The season started and Edward, despite being a seemingly respectable member of the team, sat on the bench. He seethed inside, but less so than he would have back in Forks. He wanted to play, but he was competent enough at math to know that the team had a lot of players, and they could only play five of them at a time.
The coaches finally started putting him in at the end of games, when Gonzaga’s victory was almost assured. He showboated a bit more than he promised himself he would, but there was something about the energy on the court, the surging scream of the crowd, that got his venom pumping much more than mere bloodlust ever could. In his first two outings he left the other teams flatfooted and sank a half-dozen seemingly impossible shots.
Gonzaga decided to have him start shortly thereafter.
Edward had dialed it back as much as he could when he started playing regularly. He had come to respect and really enjoy the camaraderie of his teammates, and he wants to make sure they had a chance to shine as well. So he passed the ball, set up shots so his teammates could score, screened the other team, and even fouled and got fouled a time or two, crashing theatrically to the boards, acting, what he hoped, was the part of a fragile, moderately injured human.
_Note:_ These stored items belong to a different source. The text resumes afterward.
lemma hilbert_schmidt_kernel_exp_powr_three_quarters:
  fixes \<phi> :: "real \<Rightarrow> real" and g :: "real \<Rightarrow> real \<Rightarrow> real" and p A B G C :: real
  assumes p: "p > -1" and A: "A \<ge> 0"
    and [measurable]: "\<phi> \<in> borel_measurable borel"
    and g_measurable: "(\<lambda>(x, y). g x y) \<in> borel_measurable lborel"
    and \<phi>: "\<And>x. 0 < x \<Longrightarrow> x \<le> 1 \<Longrightarrow> 0 \<le> \<phi> x \<and> \<phi> x \<le> A * ln (1/x) + B"
    and g: "\<And>x y. 0 \<le> y \<Longrightarrow> y < x \<Longrightarrow> x \<le> 1 \<Longrightarrow>
              \<bar>g x y\<bar> \<le> G * (y powr (p/2) * x powr (-(p+1)/2))"
  shows "hilbert_schmidt_kernel (\<lambda>x y.
           if y < x then C * exp (C * \<phi> x powr (3/4) + C * \<phi> y powr (3/4)) * g x y else 0)"
proof (rule hilbert_schmidt_kernel_of_powr_bound[OF _ p])
  have [measurable]: "(\<lambda>z. g (fst z) (snd z)) \<in> borel_measurable (lborel \<Otimes>\<^sub>M lborel)"
    using g_measurable by (simp add: lborel_prod case_prod_beta')
  show "set_borel_measurable lborel ({0..1} \<times> {0..1}) (\<lambda>(x, y).
      if y < x then C * exp (C * \<phi> x powr (3/4) + C * \<phi> y powr (3/4)) * g x y else 0)"
    unfolding set_borel_measurable_def case_prod_beta' lborel_prod[symmetric] by measurable
next
  fix \<delta> :: real
  assume "\<delta> > 0"
  then obtain K where K: "K > 0" "\<And>x. 0 < x \<Longrightarrow> x \<le> 1 \<Longrightarrow>
      exp (C * \<phi> x powr (3/4)) \<le> K * x powr (-\<delta>)"
    using exp_mult_powr_three_quarters_le[OF A, of \<delta> B C] \<phi> by blast
  show "\<exists>M. \<forall>x y. 0 \<le> y \<longrightarrow> y < x \<longrightarrow> x \<le> 1 \<longrightarrow>
      \<bar>if y < x then C * exp (C * \<phi> x powr (3/4) + C * \<phi> y powr (3/4)) * g x y else 0\<bar>
        \<le> M * (y powr (p/2 - \<delta>) * x powr (-(p+1)/2 - \<delta>))"
  proof (intro exI[of _ "\<bar>C\<bar> * K\<^sup>2 * G"] allI impI)
    fix x y :: real
    assume y: "0 \<le> y" and yx: "y < x" and x: "x \<le> 1"
    define w where "w = y powr (p/2) * x powr (-(p+1)/2)"
    show "\<bar>if y < x then C * exp (C * \<phi> x powr (3/4) + C * \<phi> y powr (3/4)) * g x y else 0\<bar>
        \<le> \<bar>C\<bar> * K\<^sup>2 * G * (y powr (p/2 - \<delta>) * x powr (-(p+1)/2 - \<delta>))"
    proof (cases "y = 0")
      case True
      \<comment> \<open>the weight vanishes at \<open>y = 0\<close>, hence so does \<open>g\<close>\<close>
      then show ?thesis
        using g[OF y yx x] by simp
    next
      case False
      then have "0 < y" "0 < x"
        using y yx by auto
      have "exp (C * \<phi> x powr (3/4) + C * \<phi> y powr (3/4)) \<le> (K * x powr (-\<delta>)) * (K * y powr (-\<delta>))"
        unfolding exp_add using K \<open>0 < x\<close> \<open>0 < y\<close> x yx
        by (intro mult_mono) auto
      moreover have "\<bar>g x y\<bar> \<le> G * w" "0 \<le> G * w"
        using g[OF y yx x] unfolding w_def by (auto intro: order_trans[OF abs_ge_zero])
      ultimately have "\<bar>C * exp (C * \<phi> x powr (3/4) + C * \<phi> y powr (3/4)) * g x y\<bar>
          \<le> \<bar>C\<bar> * ((K * x powr (-\<delta>)) * (K * y powr (-\<delta>))) * (G * w)"
        by (simp add: abs_mult, intro mult_mono mult_left_mono) (use K(1) in auto)
      also have "\<dots> = \<bar>C\<bar> * K\<^sup>2 * G * (y powr (p/2) * y powr (-\<delta>) * (x powr (-(p+1)/2) * x powr (-\<delta>)))"
        by (simp add: w_def power2_eq_square algebra_simps)
      finally show ?thesis
        using yx by (simp add: powr_add[symmetric])
    qed
  qed
qed simp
Back in Forks, his family had started watching the game, sending IMs and emails from their Apple products whenever Gonzaga won. They were all convinced that he was the lynchpin of the team, and Edward could not convince them otherwise, no matter how strongly he argued the point. He guessed that they were just proud of him that he was doing so well—and Jasper was impressed he hadn’t eaten that Israeli player from UCONN yet.
All of that led them up to this night—the big game in the Final Four against the Tar Heels. Only one of them would advance. Edward, of course, hoped that it would be the Bulldogs. There was no way of knowing, though, especially considering that the Huskies’ women’s team (lady Huskies? Edward wasn’t sure) just had their more than 100 game winning streak broken. Freakish, but anything could happen.
He did not, however, realize that anything included a slender, dark-haired girl wearing street clothes walking out with four of the Tar Heels. About the only thing that looked even remotely athletic on her were the broken-in Converse on her feet. She played idly with a necklace that was obviously homemade and strung with junk—something that would no doubt cause someone an eye injury over the course of the game.
The girl squared off with Edward as the first half began. He looked around frantically—at the refs, at the coaches, at the other players—but no one else seemed to notice or care how out of place she was.
“Hey,” she said, speaking in the low, honeyed drawl of the Deep South. “Get your head in the game, Cullen.”
“But…you…” he said. “How?”
“I’m a Caster, you filthy blood incubus,” said the girl, breaking into a radiant smile. “And all these guys think I’m Isaiah Hicks. You don’t, though, because you’ve got powers and you’re cheating.”
The whistle blew. Edward moved to cover the girl, listening to the omnipresent roar of the crowd, the high-pitched squealing of sneakers on wax. All of a sudden, the ball was in the girl’s hands.
“Well, I’m Lena Duchannes, bitchbag, and if you can cheat, so can I.”